Pulmonologists should take the lead in the management of adults with cystic fibrosis. Considerable efforts in research and education are required to ensure all patients to receive a high standard of care. http://ow.ly/cTCb30n22bF

To the Editor:

The epidemiology and natural history of cystic fibrosis (CF) is changing. Predicted median survival has increased over the past five decades, from less than 12 to more than 45 years in most Western countries, along with an estimated increase of the number of patients: by 20% in children and by 75% in adults, over the period 2010 to 2025 [1]. The number of adults (age ≥18 years) with CF is already larger than the number of children [2, 3]. This is a consequence of improvements in drug therapies and in the management of patients delivered by multidisciplinary teams in specialised CF centres, resulting in prolonged survival; this will be even more pronounced in the future, thanks to the introduction of new CFTR modulators acting on the dysfunctional CFTR protein in epithelial and other cells.

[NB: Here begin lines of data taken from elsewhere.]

lemma U_iff:
  "i \<in> U K dg cg l \<longleftrightarrow> 1 \<le> i \<and> i \<le> K \<and> base dg cg i < int l \<and> l \<le> cg i"
  by (simp add: U_def base_def)

lemma finite_U: "finite (U K dg cg l)"
  by (rule finite_subset[of _ "{1..K}"]) (auto simp: U_def)

definition feasible :: "nat \<Rightarrow> (nat \<Rightarrow> nat) \<Rightarrow> (nat \<Rightarrow> nat) \<Rightarrow> (nat \<Rightarrow> real) \<Rightarrow> bool" where
  "feasible K dg cg r \<longleftrightarrow> (\<forall>c\<in>Gamma K. lhs r c \<le> real (rhs K dg cg c))"

definition level_cost :: "nat \<Rightarrow> (nat \<Rightarrow> nat) \<Rightarrow> (nat \<Rightarrow> nat) \<Rightarrow> nat set \<Rightarrow> nat" where
  "level_cost K dg cg S = (\<Sum>l=1..dg 0. fk K dg cg l S)"

lemma feasible_SumC:
  assumes "feasible K dg cg r" "S \<noteq> {}" "S \<subseteq> {1..K}"
  shows "r 0 + sum r S \<le> real (ffree dg cg S) + real (level_cost K dg cg S)"
proof -
  have "SumC S \<in> Gamma K" using assms(2,3) by (auto simp: Gamma_def)
  then show ?thesis using assms(1) by (auto simp: feasible_def level_cost_def)
qed

lemma tight_SumC:
  assumes "lhs r (SumC S) = real (rhs K dg cg (SumC S))"
  shows "r 0 + sum r S = real (ffree dg cg S) + real (level_cost K dg cg S)"
  using assms by (simp add: level_cost_def)

lemma fk_singleton: "fk K dg cg l {i} = 1"
  by (cases "i \<in> U K dg cg l") (auto simp: fk_def)

lemma feasible_single:
  assumes "feasible K dg cg r" "1 \<le> i" "i \<le> K"
  shows "r 0 + r i \<le> real (ffree1 dg cg i) + real (dg 0)"
  using feasible_SumC[OF assms(1), of "{i}"] assms(2,3)
  by (simp add: ffree_def level_cost_def fk_singleton)

(* The n_ii levels of a user i that is seen at some level 1..n_00 split into
   its levels seen by receiver 0 and its free levels f_free(i). *)
lemma levels_count:
  assumes "i \<in> U K dg cg k" "1 \<le> k" "k \<le> dg 0"
  shows "card {l\<in>{1..dg 0}. i \<in> U K dg cg l} + ffree1 dg cg i = dg i"
proof -
  have "{l\<in>{1..dg 0}. i \<in> U K dg cg l} = {max 1 (cg i + 1 - dg i) .. min (dg 0) (cg i)}"
    using assms(1) by (auto simp: U_def)
  then show ?thesis using assms by (auto simp: U_def ffree1_def max_def min_def)
qed

(* Case I_i / I_0: if r_i = n_ii and r_0 = n_00, the bound Sigma_{i} forces
   n_ii <= f_free(i), so user i occupies no level 1..n_00. *)
lemma full_user_excludes_full_user0:
  assumes "feasible K dg cg r" "r i = real (dg i)" "r 0 = real (dg 0)"
    and "i \<in> U K dg cg k" "1 \<le> k" "k \<le> dg 0"
  shows False
proof -
  have i: "1 \<le> i" "i \<le> K" using assms(4) by (auto simp: U_iff)
  have "dg i \<le> ffree1 dg cg i" using feasible_single[OF assms(1) i] assms(2,3) by simp
  moreover have "k \<in> {l\<in>{1..dg 0}. i \<in> U K dg cg l}" using assms(4-6) by simp
  then have "card {l\<in>{1..dg 0}. i \<in> U K dg cg l} \<noteq> 0" by (auto simp: card_eq_0_iff)
  ultimately show False using levels_count[OF assms(4-6)] by linarith
qed

(* Case Sigma_S / I_0: with r_0 = n_00 the singleton bounds give
   sum_S r_i <= f_free(S), but a shared level makes the level cost of S exceed n_00. *)
lemma shared_level_excludes_full_user0:
  assumes feas: "feasible K dg cg r" and tS: "lhs r (SumC S) = real (rhs K dg cg (SumC S))"
    and r0: "r 0 = real (dg 0)" and sS: "S \<subseteq> {1..K}"
    and k: "k \<in> {1..dg 0}" and shared: "2 \<le> card (U K dg cg k \<inter> S)"
  shows False
proof -
  have "r i \<le> real (ffree1 dg cg i)" if "i \<in> S" for i
    using feasible_single[OF feas, of i] that sS r0 by auto
  then have "sum r S \<le> (\<Sum>i\<in>S. real (ffree1 dg cg i))" by (rule sum_mono)
  then have rates: "sum r S \<le> real (ffree dg cg S)" by (simp add: ffree_def)
  have "(\<Sum>l=1..dg 0. 1) < level_cost K dg cg S"
    unfolding level_cost_def
  proof (rule sum_strict_mono_ex1)
    show "\<forall>l\<in>{1..dg 0}. 1 \<le> fk K dg cg l S" by (simp add: fk_def)
    have "1 < fk K dg cg k S" using shared by (simp add: fk_def)
    then show "\<exists>l\<in>{1..dg 0}. 1 < fk K dg cg l S" using k by blast
  qed simp
  then have "real (dg 0) + 1 \<le> real (level_cost K dg cg S)" by simp
  then show False using tight_SumC[OF tS] rates r0 by linarith
qed

lemma fk_insert_le:
  "fk K dg cg l (insert i T) \<le> fk K dg cg l T + (if i \<in> U K dg cg l then 1 else 0)"
proof -
  have "finite (U K dg cg l \<inter> T)" using finite_U by blast
  then show ?thesis by (auto simp: fk_def card_insert_if Int_insert_right)
qed

(* Case I_i / Sigma_T, with i at a level k that T leaves empty: compared with
   Sigma_T, the bound of Sigma_{T+i} grows by f_free(i) plus the number of
   levels of i at receiver 0, minus one for level k, i.e. by less than
   n_ii = r_i. *)
lemma user_level_excludes_empty_level:
  assumes feas: "feasible K dg cg r" and ri: "r i = real (dg i)"
    and tT: "lhs r (SumC T) = real (rhs K dg cg (SumC T))" and sT: "T \<subseteq> {1..K}"
    and k: "k \<in> {1..dg 0}" and iU: "i \<in> U K dg cg k" and empty: "U K dg cg k \<inter> T = {}"
  shows False
proof -
  define C where "C = card {l\<in>{1..dg 0}. i \<in> U K dg cg l}"
  have i: "1 \<le> i" "i \<le> K" using iU by (auto simp: U_iff)
  have iT: "i \<notin> T" using empty iU by auto
  have fT: "finite T" using sT finite_subset by blast
  have "r 0 + sum r (insert i T) \<le> real (ffree dg cg (insert i T)) + real (level_cost K dg cg (insert i T))"
    using feasible_SumC[OF feas, of "insert i T"] i sT by auto
  then have bound: "r 0 + r i + sum r T
      \<le> real (ffree dg cg T) + real (ffree1 dg cg i) + real (level_cost K dg cg (insert i T))"
    using iT fT by (simp add: ffree_def)
  have "level_cost K dg cg (insert i T)
      < (\<Sum>l=1..dg 0. fk K dg cg l T + (if i \<in> U K dg cg l then 1 else 0))"
    unfolding level_cost_def
  proof (rule sum_strict_mono_ex1)
    show "\<forall>l\<in>{1..dg 0}. fk K dg cg l (insert i T) \<le> fk K dg cg l T + (if i \<in> U K dg cg l then 1 else 0)"
      using fk_insert_le by blast
    have "U K dg cg k \<inter> insert i T = {i}" using iU empty by auto
    then have "fk K dg cg k (insert i T) < fk K dg cg k T + (if i \<in> U K dg cg k then 1 else 0)"
      using iU empty by (simp add: fk_def)
    then show "\<exists>l\<in>{1..dg 0}. fk K dg cg l (insert i T) < fk K dg cg l T + (if i \<in> U K dg cg l then 1 else 0)"
      using k by blast
  qed simp
  also have "\<dots> = level_cost K dg cg T + C"
    by (simp add: level_cost_def C_def sum.distrib sum.inter_filter[symmetric])
  finally have "real (level_cost K dg cg (insert i T)) + 1 \<le> real (level_cost K dg cg T) + real C"
    by linarith
  moreover have "real C + real (ffree1 dg cg i) = real (dg i)"
    using levels_count[OF iU] k unfolding C_def by (metis atLeastAtMost_iff of_nat_add)
  ultimately show False using bound tight_SumC[OF tT] ri by linarith
qed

The recent European Respiratory Society (ERS)/European Cystic Fibrosis Society (ECFS) report on the care of adults with CF underlines that lung disease in CF drives most clinical care requirements [4]. Routine ambulatory care is focused on prevention of chronic infection and exacerbations and maintenance of forced expiratory volume in 1 s and quality of life. This is achieved by long term antimicrobial and mucoactive therapies. When exacerbations occur, these require urgent new antibiotic interventions to mitigate further lung injury. Adults with CF also face major complications, from life-threatening respiratory infections, which are often due to antimicrobial resistant organisms such as nontuberculous mycobacteria, non-fermenting Gram-negative bacteria, fungi and viruses, to respiratory failure, lung transplantation and end-of-life management. All of these healthcare needs require expertise from trained respiratory physicians. Therefore, the ERS/ECFS task force strongly recommended that pulmonologists who have had specific training in CF should lead the multidisciplinary teams [4].

In a recent systematic review on gaps in the evidence for treatment decisions in CF the authors highlighted that most of the evidence gaps are in the respiratory area; however, the word “adult(s)” is cited four times only [5]. Rowbotham et al. [6] recently proposed the 10 top research priorities in CF, based on the James Lind Alliance methodology; none of these are specific for adults.

The new challenges include microbiology, with a very high prevalence of multidrug resistant pathogens, the use of disease modifying modulator drug in adults, including the role of these drugs in transplanted patients, age-related complications (e.g. CF-related diabetes, anxiety-depression, osteoporosis, gastrointestinal cancer, haemoptysis, pneumothorax, atherosclerosis and cardiovascular events), solid organ transplantation, mainly lung transplantation, prognostic scores and end-of-life management. Well-being and mental health is also a critical consideration in dealing with changes and transition related to age and disease progression [7].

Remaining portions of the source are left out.